Exercise: Below are some entries; write out each one of them exactly.

Listed entries:
(* Assume $\epsilon\in(0,1/3)$, $p\ge2$, $\nu>0$, $T\ge 4\max\{\log\frac1{1-\epsilon},\log p\}$, and the inlier stability condition. Let $\delta_T=4\nu\big(\sqrt{\log(1/(1-\epsilon))/T}+\sqrt{\log p/T}\big)$. Let $\hat\mu^{[1]}\in\operatorname{conv}\{g_1,\dots,g_N\}$ and, for $s\ge1$, let $\bar w^{[s]}\in\Delta_{N,\epsilon}$ satisfy $\gamma(\bar w^{[s]};\hat\mu^{[s]})\le\mathrm{OPT}(\hat\mu^{[s]})+\delta_T$ (this holds when $\bar w^{[s]}$ is the output of the MW–MMW rounds with center $\hat\mu^{[s]}$, uniform initialization, $\eta_w=\frac1\nu\sqrt{\log(1/(1-\epsilon))/T}$, $\eta_\rho=\frac1\nu\sqrt{\log p/T}$), and set $\hat\mu^{[s+1]}=\sum_{n=1}^N\bar w^{[s]}_ng_n$. Let $e^{[s]}=\|\hat\mu^{[s]}-\mu_g\|_2$ and $\alpha_\epsilon=\sqrt{\epsilon/(1-2\epsilon)}$. Then for all $s\ge1$, $$e^{[s+1]}\le\alpha_\epsilon e^{[s]}+R_{\epsilon,T},\qquad R_{\epsilon,T}=(1+\alpha_\epsilon)\delta_\mu+\alpha_\epsilon\sqrt{\|\Sigma_g\|_{op}+\delta_\Sigma+\delta_T}.$$ Consequently $e^{[s]}\le\alpha_\epsilon^{s-1}e^{[1]}+\frac{1-\alpha_\epsilon^{s-1}}{1-\alpha_\epsilon}R_{\epsilon,T}$ for all $s\ge1$, and $\limsup_{s\to\infty}e^{[s]}\le R_\infty:=\frac{R_{\epsilon,T}}{1-\alpha_\epsilon}$.
   Context: Fix $N\ge1$, $p\ge1$, $\epsilon\in[0,1)$ and vectors $g_1,\dots,g_N\in\mathbb R^p$; $\nu=\max_{i,j}\|g_i-g_j\|_2^2$. For an index set $I$ and $\epsilon'\in[0,1)$, $\Delta_{I,\epsilon'}=\{w\in\mathbb R^{I}:\sum_{n\in I}w_n=1,\ 0\le w_n\le\frac1{(1-\epsilon')|I|}\}$, and $\Delta_{N,\epsilon}=\Delta_{[N],\epsilon}$. Density matrices $\mathfrak D_p=\{\rho\succeq0\text{ symmetric},\mathrm{Tr}\,\rho=1\}$, $\langle A,B\rangle=\mathrm{Tr}(A^\top B)$. For $\hat\mu\in\mathbb R^p$: $S(w;\hat\mu)=\sum_n w_n(g_n-\hat\mu)(g_n-\hat\mu)^\top$, $\gamma(w;\hat\mu)=\|S(w;\hat\mu)\|_{op}$, $\mathrm{OPT}(\hat\mu)=\min_{w\in\Delta_{N,\epsilon}}\max_{\rho\in\mathfrak D_p}\langle S(w;\hat\mu),\rho\rangle$. MW–MMW rounds for center $\hat\mu$: $z_n=g_n-\hat\mu$, $w^{(1)}=(1/N,\dots,1/N)$; for $t=1,\dots,T$: $S^{(t)}=\sum_nw^{(t)}_nz_nz_n^\top$, $\rho^{(t)}=\exp(\eta_\rho\sum_{t'\le t}S^{(t')})/\mathrm{Tr}\exp(\eta_\rho\sum_{t'\le t}S^{(t')})$, $m^{(t)}_n=z_n^\top\rho^{(t)}z_n$, $\tilde w^{(t)}_n=w^{(t)}_n(1-\eta_wm^{(t)}_n)$, $w^{(t+1)}=\arg\min_{w\in\Delta_{N,\epsilon}}\sum_nw_n\log(w_n/\tilde w^{(t)}_n)$; output $\bar w=\frac1T\sum_tw^{(t)}$. Inlier stability condition: there is a partition $[N]=I_{in}\sqcup I_{out}$ with $|I_{out}|\le\epsilon N$, a vector $\mu_g\in\mathbb R^p$, a symmetric PSD $\Sigma_g$ and constants $\delta_\mu,\delta_\Sigma\ge0$ such that for every $w\in\Delta_{I_{in},\epsilon/(1-\epsilon)}$: $\|\sum_{n\in I_{in}}w_n(g_n-\mu_g)\|_2\le\delta_\mu$ and $\sum_{n\in I_{in}}w_n(g_n-\mu_g)(g_n-\mu_g)^\top\preceq\Sigma_g+\delta_\Sigma I_p$. *)

theory Defs
  imports "HOL-Analysis.Analysis"
begin


definition outer :: "real^('p::finite) \<Rightarrow> real^('p::finite) \<Rightarrow> real^('p::finite)^'p" where
  "outer u v = (\<chi> i j. u $ i * v $ j)"

definition psd :: "real^('p::finite)^'p \<Rightarrow> bool" where
  "psd A \<longleftrightarrow> (\<forall>x. 0 \<le> x \<bullet> (A *v x))"

definition symmetric_mat :: "real^('p::finite)^'p \<Rightarrow> bool" where
  "symmetric_mat A \<longleftrightarrow> transpose A = A"

definition loewner_le :: "real^('p::finite)^'p \<Rightarrow> real^('p::finite)^'p \<Rightarrow> bool" where
  "loewner_le A B \<longleftrightarrow> psd (B - A)"

definition op_norm :: "real^('p::finite)^'p \<Rightarrow> real" where
  "op_norm A = onorm (\<lambda>x. A *v x)"

definition frob :: "real^('p::finite)^'p \<Rightarrow> real^('p::finite)^'p \<Rightarrow> real" where
  "frob A B = trace (transpose A ** B)"

definition density_matrices :: "(real^('p::finite)^'p) set" where
  "density_matrices = {\<rho>. symmetric_mat \<rho> \<and> psd \<rho> \<and> trace \<rho> = 1}"

(* capped simplex \<Delta>_{I,eps'} ; weights are functions nat => real, only values on I matter *)
definition capped_simplex :: "nat set \<Rightarrow> real \<Rightarrow> (nat \<Rightarrow> real) set" where
  "capped_simplex I eps' = {w. (\<Sum>n\<in>I. w n) = 1 \<and>
      (\<forall>n\<in>I. 0 \<le> w n \<and> w n \<le> 1 / ((1 - eps') * real (card I)))}"

definition Smat :: "nat \<Rightarrow> (nat \<Rightarrow> real^('p::finite)) \<Rightarrow> (nat \<Rightarrow> real) \<Rightarrow> real^('p::finite) \<Rightarrow> real^('p::finite)^'p" where
  "Smat N g w mu = (\<Sum>n<N. w n *\<^sub>R outer (g n - mu) (g n - mu))"

definition gamma :: "nat \<Rightarrow> (nat \<Rightarrow> real^('p::finite)) \<Rightarrow> (nat \<Rightarrow> real) \<Rightarrow> real^('p::finite) \<Rightarrow> real" where
  "gamma N g w mu = op_norm (Smat N g w mu)"

definition OPT :: "nat \<Rightarrow> real \<Rightarrow> (nat \<Rightarrow> real^('p::finite)) \<Rightarrow> real^('p::finite) \<Rightarrow> real" where
  "OPT N eps g mu = Inf ((\<lambda>w. Sup ((\<lambda>\<rho>. frob (Smat N g w mu) \<rho>) ` density_matrices))
                         ` capped_simplex {..<N} eps)"

definition nu_diam :: "nat \<Rightarrow> (nat \<Rightarrow> real^('p::finite)) \<Rightarrow> real" where
  "nu_diam N g = Max {(norm (g i - g j))\<^sup>2 | i j. i < N \<and> j < N}"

Solved problem:
(* Assume $\epsilon\in(0,1/3)$, $p\ge2$, $\nu>0$, $T\ge 4\max\{\log\frac1{1-\epsilon},\log p\}$, and the inlier stability condition. Let $\delta_T=4\nu\big(\sqrt{\log(1/(1-\epsilon))/T}+\sqrt{\log p/T}\big)$. Let $\hat\mu^{[1]}\in\operatorname{conv}\{g_1,\dots,g_N\}$ and, for $s\ge1$, let $\bar w^{[s]}\in\Delta_{N,\epsilon}$ satisfy $\gamma(\bar w^{[s]};\hat\mu^{[s]})\le\mathrm{OPT}(\hat\mu^{[s]})+\delta_T$ (this holds when $\bar w^{[s]}$ is the output of the MW–MMW rounds with center $\hat\mu^{[s]}$, uniform initialization, $\eta_w=\frac1\nu\sqrt{\log(1/(1-\epsilon))/T}$, $\eta_\rho=\frac1\nu\sqrt{\log p/T}$), and set $\hat\mu^{[s+1]}=\sum_{n=1}^N\bar w^{[s]}_ng_n$. Let $e^{[s]}=\|\hat\mu^{[s]}-\mu_g\|_2$ and $\alpha_\epsilon=\sqrt{\epsilon/(1-2\epsilon)}$. Then for all $s\ge1$, $$e^{[s+1]}\le\alpha_\epsilon e^{[s]}+R_{\epsilon,T},\qquad R_{\epsilon,T}=(1+\alpha_\epsilon)\delta_\mu+\alpha_\epsilon\sqrt{\|\Sigma_g\|_{op}+\delta_\Sigma+\delta_T}.$$ Consequently $e^{[s]}\le\alpha_\epsilon^{s-1}e^{[1]}+\frac{1-\alpha_\epsilon^{s-1}}{1-\alpha_\epsilon}R_{\epsilon,T}$ for all $s\ge1$, and $\limsup_{s\to\infty}e^{[s]}\le R_\infty:=\frac{R_{\epsilon,T}}{1-\alpha_\epsilon}$.
   Context: Fix $N\ge1$, $p\ge1$, $\epsilon\in[0,1)$ and vectors $g_1,\dots,g_N\in\mathbb R^p$; $\nu=\max_{i,j}\|g_i-g_j\|_2^2$. For an index set $I$ and $\epsilon'\in[0,1)$, $\Delta_{I,\epsilon'}=\{w\in\mathbb R^{I}:\sum_{n\in I}w_n=1,\ 0\le w_n\le\frac1{(1-\epsilon')|I|}\}$, and $\Delta_{N,\epsilon}=\Delta_{[N],\epsilon}$. Density matrices $\mathfrak D_p=\{\rho\succeq0\text{ symmetric},\mathrm{Tr}\,\rho=1\}$, $\langle A,B\rangle=\mathrm{Tr}(A^\top B)$. For $\hat\mu\in\mathbb R^p$: $S(w;\hat\mu)=\sum_n w_n(g_n-\hat\mu)(g_n-\hat\mu)^\top$, $\gamma(w;\hat\mu)=\|S(w;\hat\mu)\|_{op}$, $\mathrm{OPT}(\hat\mu)=\min_{w\in\Delta_{N,\epsilon}}\max_{\rho\in\mathfrak D_p}\langle S(w;\hat\mu),\rho\rangle$. MW–MMW rounds for center $\hat\mu$: $z_n=g_n-\hat\mu$, $w^{(1)}=(1/N,\dots,1/N)$; for $t=1,\dots,T$: $S^{(t)}=\sum_nw^{(t)}_nz_nz_n^\top$, $\rho^{(t)}=\exp(\eta_\rho\sum_{t'\le t}S^{(t')})/\mathrm{Tr}\exp(\eta_\rho\sum_{t'\le t}S^{(t')})$, $m^{(t)}_n=z_n^\top\rho^{(t)}z_n$, $\tilde w^{(t)}_n=w^{(t)}_n(1-\eta_wm^{(t)}_n)$, $w^{(t+1)}=\arg\min_{w\in\Delta_{N,\epsilon}}\sum_nw_n\log(w_n/\tilde w^{(t)}_n)$; output $\bar w=\frac1T\sum_tw^{(t)}$. Inlier stability condition: there is a partition $[N]=I_{in}\sqcup I_{out}$ with $|I_{out}|\le\epsilon N$, a vector $\mu_g\in\mathbb R^p$, a symmetric PSD $\Sigma_g$ and constants $\delta_\mu,\delta_\Sigma\ge0$ such that for every $w\in\Delta_{I_{in},\epsilon/(1-\epsilon)}$: $\|\sum_{n\in I_{in}}w_n(g_n-\mu_g)\|_2\le\delta_\mu$ and $\sum_{n\in I_{in}}w_n(g_n-\mu_g)(g_n-\mu_g)^\top\preceq\Sigma_g+\delta_\Sigma I_p$. *)

theory Defs
  imports "HOL-Analysis.Analysis"
begin


definition outer :: "real^('p::finite) \<Rightarrow> real^('p::finite) \<Rightarrow> real^('p::finite)^'p" where
  "outer u v = (\<chi> i j. u $ i * v $ j)"

definition psd :: "real^('p::finite)^'p \<Rightarrow> bool" where
  "psd A \<longleftrightarrow> (\<forall>x. 0 \<le> x \<bullet> (A *v x))"

definition symmetric_mat :: "real^('p::finite)^'p \<Rightarrow> bool" where
  "symmetric_mat A \<longleftrightarrow> transpose A = A"

definition loewner_le :: "real^('p::finite)^'p \<Rightarrow> real^('p::finite)^'p \<Rightarrow> bool" where
  "loewner_le A B \<longleftrightarrow> psd (B - A)"

definition op_norm :: "real^('p::finite)^'p \<Rightarrow> real" where
  "op_norm A = onorm (\<lambda>x. A *v x)"

definition frob :: "real^('p::finite)^'p \<Rightarrow> real^('p::finite)^'p \<Rightarrow> real" where
  "frob A B = trace (transpose A ** B)"

definition density_matrices :: "(real^('p::finite)^'p) set" where
  "density_matrices = {\<rho>. symmetric_mat \<rho> \<and> psd \<rho> \<and> trace \<rho> = 1}"

(* capped simplex \<Delta>_{I,eps'} ; weights are functions nat => real, only values on I matter *)
definition capped_simplex :: "nat set \<Rightarrow> real \<Rightarrow> (nat \<Rightarrow> real) set" where
  "capped_simplex I eps' = {w. (\<Sum>n\<in>I. w n) = 1 \<and>
      (\<forall>n\<in>I. 0 \<le> w n \<and> w n \<le> 1 / ((1 - eps') * real (card I)))}"

definition Smat :: "nat \<Rightarrow> (nat \<Rightarrow> real^('p::finite)) \<Rightarrow> (nat \<Rightarrow> real) \<Rightarrow> real^('p::finite) \<Rightarrow> real^('p::finite)^'p" where
  "Smat N g w mu = (\<Sum>n<N. w n *\<^sub>R outer (g n - mu) (g n - mu))"

definition gamma :: "nat \<Rightarrow> (nat \<Rightarrow> real^('p::finite)) \<Rightarrow> (nat \<Rightarrow> real) \<Rightarrow> real^('p::finite) \<Rightarrow> real" where
  "gamma N g w mu = op_norm (Smat N g w mu)"

definition OPT :: "nat \<Rightarrow> real \<Rightarrow> (nat \<Rightarrow> real^('p::finite)) \<Rightarrow> real^('p::finite) \<Rightarrow> real" where
  "OPT N eps g mu = Inf ((\<lambda>w. Sup ((\<lambda>\<rho>. frob (Smat N g w mu) \<rho>) ` density_matrices))
                         ` capped_simplex {..<N} eps)"

definition nu_diam :: "nat \<Rightarrow> (nat \<Rightarrow> real^('p::finite)) \<Rightarrow> real" where
  "nu_diam N g = Max {(norm (g i - g j))\<^sup>2 | i j. i < N \<and> j < N}"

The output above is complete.